**Problem description**
The records below should be copied in full, exactly as shown.
(Dataset entries begins)
lemma jmap_anticomm:
  assumes z: "z \<in> Z" and z': "z' \<in> Z"
  shows "J z (J z' w) + J z' (J z w) = - (2 * polar \<phi> z z') *\<^sub>R (w - proj w)"
proof -
  define x where "x = w - proj w"
  have x: "x \<in> V"
    unfolding x_def by simp
  have Jw: "J a w = J a x" for a
    unfolding x_def by simp
  have "z + z' \<in> Z"
    using z z' subspace_S by (simp add: subspace_add)
  from jmap_square[OF this x]
  have "J z (J z x) + J z (J z' x) + J z' (J z x) + J z' (J z' x) = - (\<phi> (z + z') *\<^sub>R x)"
    by (simp add: algebra_simps)
  then have "J z (J z' x) + J z' (J z x) = - ((\<phi> (z + z') - \<phi> z - \<phi> z') *\<^sub>R x)"
    using jmap_square[OF z x] jmap_square[OF z' x] by (simp add: algebra_simps)
  then show ?thesis
    unfolding Jw x_def[symmetric] polar_def by simp
qed

lemma lc_nabla_eq: "lc_nabla g br x y = (1/2) *\<^sub>R (br x y - J (proj y) x - J (proj x) y)"
proof -
  define N where "N = (1/2) *\<^sub>R (br x y - J (proj y) x - J (proj x) y)"
  have koszul: "2 * g N w = g (br x y) w - g (br y w) x + g (br w x) y" for w
  proof -
    have "g (br y w) x = g (br y w) (proj x)"
      using g_orth_right[OF minus_proj_orth[of x] br_in_center[of y w]] by simp
    moreover have "g (br w x) y = - g (br x w) (proj y)"
      using g_orth_right[OF minus_proj_orth[of y] br_in_center[of w x]] br_anticomm[of w x] by simp
    ultimately show ?thesis
      by (simp add: N_def g_jmap)
  qed
  show ?thesis
    unfolding lc_nabla_def N_def[symmetric]
  proof (rule the_equality)
    fix u assume "\<forall>w. 2 * g u w = g (br x y) w - g (br y w) x + g (br w x) y"
    then show "u = N"
      using koszul by (intro g_eqI) (metis mult_left_cancel zero_neq_numeral)
  qed (use koszul in blast)
qed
(Dataset entries ends)
**Output for this task**
lemma jmap_anticomm:
  assumes z: "z \<in> Z" and z': "z' \<in> Z"
  shows "J z (J z' w) + J z' (J z w) = - (2 * polar \<phi> z z') *\<^sub>R (w - proj w)"
proof -
  define x where "x = w - proj w"
  have x: "x \<in> V"
    unfolding x_def by simp
  have Jw: "J a w = J a x" for a
    unfolding x_def by simp
  have "z + z' \<in> Z"
    using z z' subspace_S by (simp add: subspace_add)
  from jmap_square[OF this x]
  have "J z (J z x) + J z (J z' x) + J z' (J z x) + J z' (J z' x) = - (\<phi> (z + z') *\<^sub>R x)"
    by (simp add: algebra_simps)
  then have "J z (J z' x) + J z' (J z x) = - ((\<phi> (z + z') - \<phi> z - \<phi> z') *\<^sub>R x)"
    using jmap_square[OF z x] jmap_square[OF z' x] by (simp add: algebra_simps)
  then show ?thesis
    unfolding Jw x_def[symmetric] polar_def by simp
qed

lemma lc_nabla_eq: "lc_nabla g br x y = (1/2) *\<^sub>R (br x y - J (proj y) x - J (proj x) y)"
proof -
  define N where "N = (1/2) *\<^sub>R (br x y - J (proj y) x - J (proj x) y)"
  have koszul: "2 * g N w = g (br x y) w - g (br y w) x + g (br w x) y" for w
  proof -
    have "g (br y w) x = g (br y w) (proj x)"
      using g_orth_right[OF minus_proj_orth[of x] br_in_center[of y w]] by simp
    moreover have "g (br w x) y = - g (br x w) (proj y)"
      using g_orth_right[OF minus_proj_orth[of y] br_in_center[of w x]] br_anticomm[of w x] by simp
    ultimately show ?thesis
      by (simp add: N_def g_jmap)
  qed
  show ?thesis
    unfolding lc_nabla_def N_def[symmetric]
  proof (rule the_equality)
    fix u assume "\<forall>w. 2 * g u w = g (br x y) w - g (br y w) x + g (br w x) y"
    then show "u = N"
      using koszul by (intro g_eqI) (metis mult_left_cancel zero_neq_numeral)
  qed (use koszul in blast)
qed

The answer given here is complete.